Your answer is a copy of every line in the records where "Longrightarrow" appears.
Extracted records Block Start
lemma bit_one_smoothing_identity:
  assumes "(p1 \<noteq> p2) = Ea" "(p2 \<noteq> p0) = Eb" "(p0 \<noteq> q0) = (Ea \<noteq> Eb)"
    "(q1 \<noteq> q2) = Ea" "(q2 \<noteq> q0) = Eb"
    "\<not>(Ga \<and> Ea)" "\<not>(Gb \<and> Eb)"
  shows "of_bool (Ga \<and> p2) + of_bool (Gb \<and> p0) + of_bool (Ga \<and> q2) + of_bool (Gb
      \<and> q0)
     = (of_bool (Ga \<and> Eb) + of_bool (Gb \<and> Ea) :: bit)"
  using assms by (cases p0; cases q0; cases p2; cases q2; cases Ga; cases Gb) simp_all

lemma bit_zero_smoothing_identity:
  assumes "(p1 \<noteq> p2) = Ea" "(p2 \<noteq> p0) = Eb" "(p0 \<noteq> q0) = (Ea \<noteq> Eb)"
    "(q1 \<noteq> q2) = Eb" "(q2 \<noteq> q0) = Ea"
    "\<not>(Ga \<and> Ea)" "\<not>(Gb \<and> Eb)"
  shows "of_bool (Ga \<and> p2) + of_bool (Gb \<and> p0) + of_bool (Gb \<and> q2) + of_bool (Ga
      \<and> q0)
     = (0 :: bit)"
  using assms by (cases p0; cases q0; cases p2; cases q2; cases Ga; cases Gb) simp_all

lemma of_nat_bit_eq_0_iff: "(of_nat n :: bit) = 0 \<longleftrightarrow> even n"
proof (induction n)
  case 0 then show ?case by simp
next
  case (Suc n)
  have "(of_nat (Suc n) :: bit) = 1 + of_nat n" by simp
  then show ?case using Suc by (cases "(of_nat n :: bit)") auto
qed

lemma sum_of_bool_bit: "finite A \<Longrightarrow> (\<Sum>a\<in>A. of_bool (P a) :: bit) = of_nat
    (card {a\<in>A. P a})"
proof -
  assume fA: "finite A"
  have "(\<Sum>a\<in>A. of_bool (P a) :: bit) = (\<Sum>a\<in>A. if P a then 1 else 0)" by (simp
      add: of_bool_def)
  also have "\<dots> = (\<Sum>a\<in>{a\<in>A. P a}. 1)" using sum.inter_filter[OF fA, of
      "\<lambda>_. (1::bit)" P] by simp
  also have "\<dots> = of_nat (card {a\<in>A. P a})" by simp
  finally show ?thesis .
qed

lemma sum_of_bool_greater_delta:
  assumes "finite I" "(b::nat) \<in> I"
  shows "(\<Sum>i\<in>I. of_bool (a > i \<and> b = i) :: bit) = of_bool (b < a)"
proof -
  have "(\<Sum>i\<in>I. of_bool (a > i \<and> b = i) :: bit) = (\<Sum>i\<in>I. if b = i then
      of_bool (a > i) else 0)"
    by (rule sum.cong) auto
  also have "\<dots> = of_bool (b < a)" using assms by (simp add: sum.delta)
  finally show ?thesis .
qed

lemma sum_colour_split:
  fixes a b :: nat
  assumes "finite I" "a \<in> I" "b \<in> I"
  shows "(\<Sum>i\<in>I. of_bool (a > i \<and> b = i) + of_bool (b > i \<and> a = i) :: bit) =
      of_bool (a \<noteq> b)"
proof -
  have "(\<Sum>i\<in>I. of_bool (a > i \<and> b = i) + of_bool (b > i \<and> a = i) :: bit)
      = (\<Sum>i\<in>I. of_bool (a > i \<and> b = i)) + (\<Sum>i\<in>I. of_bool (b > i \<and> a =
          i))"
    by (rule sum.distrib)
  also have "\<dots> = of_bool (b < a) + of_bool (a < b)"
    unfolding sum_of_bool_greater_delta[OF assms(1,3)] sum_of_bool_greater_delta[OF assms(1,2)] ..
  also have "\<dots> = of_bool (a \<noteq> b)" unfolding of_bool_add_of_bool_bit by (rule arg_cong)
      auto
  finally show ?thesis .
qed

definition rep :: "'a set \<Rightarrow> 'a" where "rep A = (SOME x. x \<in> A)"

lemma rep_in: "x \<in> A \<Longrightarrow> rep A \<in> A"
  unfolding rep_def by (rule someI)

lemma sum_quadruple:
  assumes "a \<noteq> b" "a \<noteq> c" "a \<noteq> d" "b \<noteq> c" "b \<noteq> d" "c \<noteq> d"
  shows "(\<Sum>x\<in>{a,b,c,d}. F x) = F a + F b + F c + (F d :: 'b::comm_monoid_add)"
  using assms by (simp add: add.assoc)

lemma sum_triple:
  assumes "a \<noteq> b" "a \<noteq> c" "b \<noteq> c"
  shows "(\<Sum>x\<in>{a,b,c}. F x) = F a + F b + (F c :: 'b::comm_monoid_add)"
  using assms by (simp add: add.assoc)

lemma sum_pair:
  assumes "a \<noteq> b"
  shows "(\<Sum>x\<in>{a,b}. F x) = F a + (F b :: 'b::comm_monoid_add)"
  using assms by simp

section \<open>The dart structure of a perfect matching diagram\<close>

locale matching_diagram =
  fixes D :: "'d set" and \<alpha> \<sigma> :: "'d \<Rightarrow> 'd" and Mt :: "'d set"
  assumes diagram: "pm_diagram D \<alpha> \<sigma> Mt"
begin

sublocale dart_map D \<alpha> \<sigma>
  using diagram unfolding pm_diagram_def by unfold_locales auto

lemma vertex_or_crossing: "d \<in> D \<Longrightarrow> card (vorbit \<sigma> d) = 3 \<or> card
    (vorbit \<sigma> d) = 4"
  using diagram unfolding pm_diagram_def by blast

lemma matching_subset: "Mt \<subseteq> D"
  using diagram unfolding pm_diagram_def by blast

lemma matching_in: "m \<in> Mt \<Longrightarrow> m \<in> D"
  using matching_subset by blast

lemma matching_alpha: "m \<in> Mt \<Longrightarrow> \<alpha> m \<in> Mt"
  using diagram unfolding pm_diagram_def by blast

lemma matching_at_vertex: "m \<in> Mt \<Longrightarrow> card (vorbit \<sigma> m) = 3"
  using diagram unfolding pm_diagram_def by blast

lemma one_matching_dart_at_vertex:
  "d \<in> D \<Longrightarrow> card (vorbit \<sigma> d) = 3 \<Longrightarrow> card (vorbit \<sigma>
      d \<inter> Mt) = 1"
  using diagram unfolding pm_diagram_def by blast

lemma euler: "2 * int (card (D // orbrel D \<sigma>)) - int (card D)
    + 2 * int (card (D // orbrel D (\<sigma> \<circ> \<alpha>))) = 4 * int (card (D // conn
        map_links))"
  using diagram unfolding pm_diagram_def map_links_def by blast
Extracted records Block End
_Solution for this problem_
lemma sum_of_bool_bit: "finite A \<Longrightarrow> (\<Sum>a\<in>A. of_bool (P a) :: bit) = of_nat
lemma rep_in: "x \<in> A \<Longrightarrow> rep A \<in> A"
lemma vertex_or_crossing: "d \<in> D \<Longrightarrow> card (vorbit \<sigma> d) = 3 \<or> card
lemma matching_in: "m \<in> Mt \<Longrightarrow> m \<in> D"
lemma matching_alpha: "m \<in> Mt \<Longrightarrow> \<alpha> m \<in> Mt"
lemma matching_at_vertex: "m \<in> Mt \<Longrightarrow> card (vorbit \<sigma> m) = 3"
  "d \<in> D \<Longrightarrow> card (vorbit \<sigma> d) = 3 \<Longrightarrow> card (vorbit \<sigma>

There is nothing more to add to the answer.